■ PROBLEM DESCRIPTION: From the records below, copy out exactly the lines from the one containing "n \<lhd> centralizer_group" to the one containing "(g x) = offset", both included. Add nothing else.

[Collected data entries]
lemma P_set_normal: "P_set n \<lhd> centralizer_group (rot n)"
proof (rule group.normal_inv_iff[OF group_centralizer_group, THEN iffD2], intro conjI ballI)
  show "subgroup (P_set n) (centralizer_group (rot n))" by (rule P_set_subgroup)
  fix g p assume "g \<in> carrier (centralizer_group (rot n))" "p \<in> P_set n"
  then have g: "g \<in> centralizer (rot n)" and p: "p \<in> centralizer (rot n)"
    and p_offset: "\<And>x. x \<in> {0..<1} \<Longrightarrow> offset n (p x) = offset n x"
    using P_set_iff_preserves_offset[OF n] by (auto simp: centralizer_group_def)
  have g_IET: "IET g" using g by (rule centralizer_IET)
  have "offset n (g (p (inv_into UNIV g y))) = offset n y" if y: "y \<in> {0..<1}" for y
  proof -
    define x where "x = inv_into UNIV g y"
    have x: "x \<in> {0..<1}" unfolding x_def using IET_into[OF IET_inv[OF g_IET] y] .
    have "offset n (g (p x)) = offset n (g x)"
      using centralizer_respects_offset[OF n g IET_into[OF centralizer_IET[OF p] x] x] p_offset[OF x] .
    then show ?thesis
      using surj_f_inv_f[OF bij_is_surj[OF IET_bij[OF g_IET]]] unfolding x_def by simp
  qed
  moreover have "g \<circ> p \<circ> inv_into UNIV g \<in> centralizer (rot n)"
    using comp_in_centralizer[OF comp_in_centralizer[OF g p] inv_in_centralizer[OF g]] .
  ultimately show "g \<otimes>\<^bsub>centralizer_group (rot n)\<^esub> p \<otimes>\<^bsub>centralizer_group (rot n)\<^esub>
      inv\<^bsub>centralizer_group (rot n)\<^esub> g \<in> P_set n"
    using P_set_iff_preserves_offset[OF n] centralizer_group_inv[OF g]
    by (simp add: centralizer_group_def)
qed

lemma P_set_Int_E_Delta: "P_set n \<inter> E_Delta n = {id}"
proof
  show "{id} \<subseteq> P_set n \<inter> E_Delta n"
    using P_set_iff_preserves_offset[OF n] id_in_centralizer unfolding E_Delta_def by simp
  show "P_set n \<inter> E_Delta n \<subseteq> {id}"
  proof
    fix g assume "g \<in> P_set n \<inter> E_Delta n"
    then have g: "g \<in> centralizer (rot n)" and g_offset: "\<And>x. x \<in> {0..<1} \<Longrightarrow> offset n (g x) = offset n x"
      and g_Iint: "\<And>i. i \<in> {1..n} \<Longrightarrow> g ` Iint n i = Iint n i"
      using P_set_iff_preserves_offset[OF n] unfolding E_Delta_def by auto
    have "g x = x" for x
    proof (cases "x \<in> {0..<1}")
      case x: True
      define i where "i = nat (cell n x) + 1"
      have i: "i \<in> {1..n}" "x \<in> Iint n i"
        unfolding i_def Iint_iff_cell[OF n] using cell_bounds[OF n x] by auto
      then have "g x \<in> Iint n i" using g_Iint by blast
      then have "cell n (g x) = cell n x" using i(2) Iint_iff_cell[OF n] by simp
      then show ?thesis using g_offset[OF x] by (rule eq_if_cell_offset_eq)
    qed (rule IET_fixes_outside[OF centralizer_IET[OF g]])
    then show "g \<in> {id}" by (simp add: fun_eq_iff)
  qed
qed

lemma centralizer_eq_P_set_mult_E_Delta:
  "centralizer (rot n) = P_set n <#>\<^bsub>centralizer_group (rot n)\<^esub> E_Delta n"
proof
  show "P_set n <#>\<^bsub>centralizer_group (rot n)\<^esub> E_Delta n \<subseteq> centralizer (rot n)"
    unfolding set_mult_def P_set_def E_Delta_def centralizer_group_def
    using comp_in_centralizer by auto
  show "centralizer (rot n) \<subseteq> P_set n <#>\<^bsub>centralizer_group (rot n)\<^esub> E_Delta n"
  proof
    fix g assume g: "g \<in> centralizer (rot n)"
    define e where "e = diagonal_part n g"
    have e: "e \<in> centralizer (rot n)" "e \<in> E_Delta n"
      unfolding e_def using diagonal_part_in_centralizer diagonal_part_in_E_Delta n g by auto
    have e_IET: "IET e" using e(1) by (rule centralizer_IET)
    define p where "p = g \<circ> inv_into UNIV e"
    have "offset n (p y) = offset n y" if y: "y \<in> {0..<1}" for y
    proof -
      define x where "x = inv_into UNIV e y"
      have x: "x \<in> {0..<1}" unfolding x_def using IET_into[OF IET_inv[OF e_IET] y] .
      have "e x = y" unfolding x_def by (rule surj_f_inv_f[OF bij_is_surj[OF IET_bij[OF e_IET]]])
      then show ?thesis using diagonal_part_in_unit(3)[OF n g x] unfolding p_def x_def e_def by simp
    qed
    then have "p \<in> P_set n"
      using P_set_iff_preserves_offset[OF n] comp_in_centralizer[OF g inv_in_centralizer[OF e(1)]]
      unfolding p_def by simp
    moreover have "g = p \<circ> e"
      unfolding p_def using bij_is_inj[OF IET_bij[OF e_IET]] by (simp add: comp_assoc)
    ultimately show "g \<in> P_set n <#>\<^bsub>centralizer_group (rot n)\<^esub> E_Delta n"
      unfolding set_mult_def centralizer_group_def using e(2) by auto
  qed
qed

* * *

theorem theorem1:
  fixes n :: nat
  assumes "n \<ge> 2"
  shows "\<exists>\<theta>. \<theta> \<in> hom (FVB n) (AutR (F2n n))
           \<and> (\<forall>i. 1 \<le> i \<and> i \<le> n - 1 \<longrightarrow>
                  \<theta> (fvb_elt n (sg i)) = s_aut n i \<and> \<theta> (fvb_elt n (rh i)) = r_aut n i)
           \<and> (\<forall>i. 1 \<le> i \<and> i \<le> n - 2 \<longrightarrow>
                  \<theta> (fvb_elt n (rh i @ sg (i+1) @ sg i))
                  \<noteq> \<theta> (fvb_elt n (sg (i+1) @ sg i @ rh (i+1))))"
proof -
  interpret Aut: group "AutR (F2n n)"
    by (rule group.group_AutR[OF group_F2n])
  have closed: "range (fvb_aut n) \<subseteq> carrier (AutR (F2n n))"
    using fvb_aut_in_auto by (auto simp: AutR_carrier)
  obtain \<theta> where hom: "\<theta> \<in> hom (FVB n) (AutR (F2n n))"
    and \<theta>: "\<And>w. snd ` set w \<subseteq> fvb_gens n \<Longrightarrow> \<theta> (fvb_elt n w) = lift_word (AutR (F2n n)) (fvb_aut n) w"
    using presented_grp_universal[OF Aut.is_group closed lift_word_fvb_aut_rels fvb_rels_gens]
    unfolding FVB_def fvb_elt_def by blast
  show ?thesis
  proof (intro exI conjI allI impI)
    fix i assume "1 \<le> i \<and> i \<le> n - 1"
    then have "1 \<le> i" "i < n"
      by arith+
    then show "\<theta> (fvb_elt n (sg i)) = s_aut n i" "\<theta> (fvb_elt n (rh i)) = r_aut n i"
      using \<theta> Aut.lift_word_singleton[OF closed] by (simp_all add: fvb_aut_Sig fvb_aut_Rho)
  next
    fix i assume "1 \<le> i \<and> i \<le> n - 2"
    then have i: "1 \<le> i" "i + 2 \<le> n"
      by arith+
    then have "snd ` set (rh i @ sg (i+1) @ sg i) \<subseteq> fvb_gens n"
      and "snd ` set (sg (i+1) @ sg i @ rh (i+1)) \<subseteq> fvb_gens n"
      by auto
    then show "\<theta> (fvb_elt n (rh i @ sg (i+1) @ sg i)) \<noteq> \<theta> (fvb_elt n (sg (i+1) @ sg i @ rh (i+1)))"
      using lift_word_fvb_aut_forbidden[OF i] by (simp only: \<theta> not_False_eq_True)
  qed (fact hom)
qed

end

■ RESULT FOR THIS TASK:
lemma P_set_normal: "P_set n \<lhd> centralizer_group (rot n)"
proof (rule group.normal_inv_iff[OF group_centralizer_group, THEN iffD2], intro conjI ballI)
  show "subgroup (P_set n) (centralizer_group (rot n))" by (rule P_set_subgroup)
  fix g p assume "g \<in> carrier (centralizer_group (rot n))" "p \<in> P_set n"
  then have g: "g \<in> centralizer (rot n)" and p: "p \<in> centralizer (rot n)"
    and p_offset: "\<And>x. x \<in> {0..<1} \<Longrightarrow> offset n (p x) = offset n x"
    using P_set_iff_preserves_offset[OF n] by (auto simp: centralizer_group_def)
  have g_IET: "IET g" using g by (rule centralizer_IET)
  have "offset n (g (p (inv_into UNIV g y))) = offset n y" if y: "y \<in> {0..<1}" for y
  proof -
    define x where "x = inv_into UNIV g y"
    have x: "x \<in> {0..<1}" unfolding x_def using IET_into[OF IET_inv[OF g_IET] y] .
    have "offset n (g (p x)) = offset n (g x)"
      using centralizer_respects_offset[OF n g IET_into[OF centralizer_IET[OF p] x] x] p_offset[OF x] .
    then show ?thesis
      using surj_f_inv_f[OF bij_is_surj[OF IET_bij[OF g_IET]]] unfolding x_def by simp
  qed
  moreover have "g \<circ> p \<circ> inv_into UNIV g \<in> centralizer (rot n)"
    using comp_in_centralizer[OF comp_in_centralizer[OF g p] inv_in_centralizer[OF g]] .
  ultimately show "g \<otimes>\<^bsub>centralizer_group (rot n)\<^esub> p \<otimes>\<^bsub>centralizer_group (rot n)\<^esub>
      inv\<^bsub>centralizer_group (rot n)\<^esub> g \<in> P_set n"
    using P_set_iff_preserves_offset[OF n] centralizer_group_inv[OF g]
    by (simp add: centralizer_group_def)
qed

lemma P_set_Int_E_Delta: "P_set n \<inter> E_Delta n = {id}"
proof
  show "{id} \<subseteq> P_set n \<inter> E_Delta n"
    using P_set_iff_preserves_offset[OF n] id_in_centralizer unfolding E_Delta_def by simp
  show "P_set n \<inter> E_Delta n \<subseteq> {id}"
  proof
    fix g assume "g \<in> P_set n \<inter> E_Delta n"
    then have g: "g \<in> centralizer (rot n)" and g_offset: "\<And>x. x \<in> {0..<1} \<Longrightarrow> offset n (g x) = offset n x"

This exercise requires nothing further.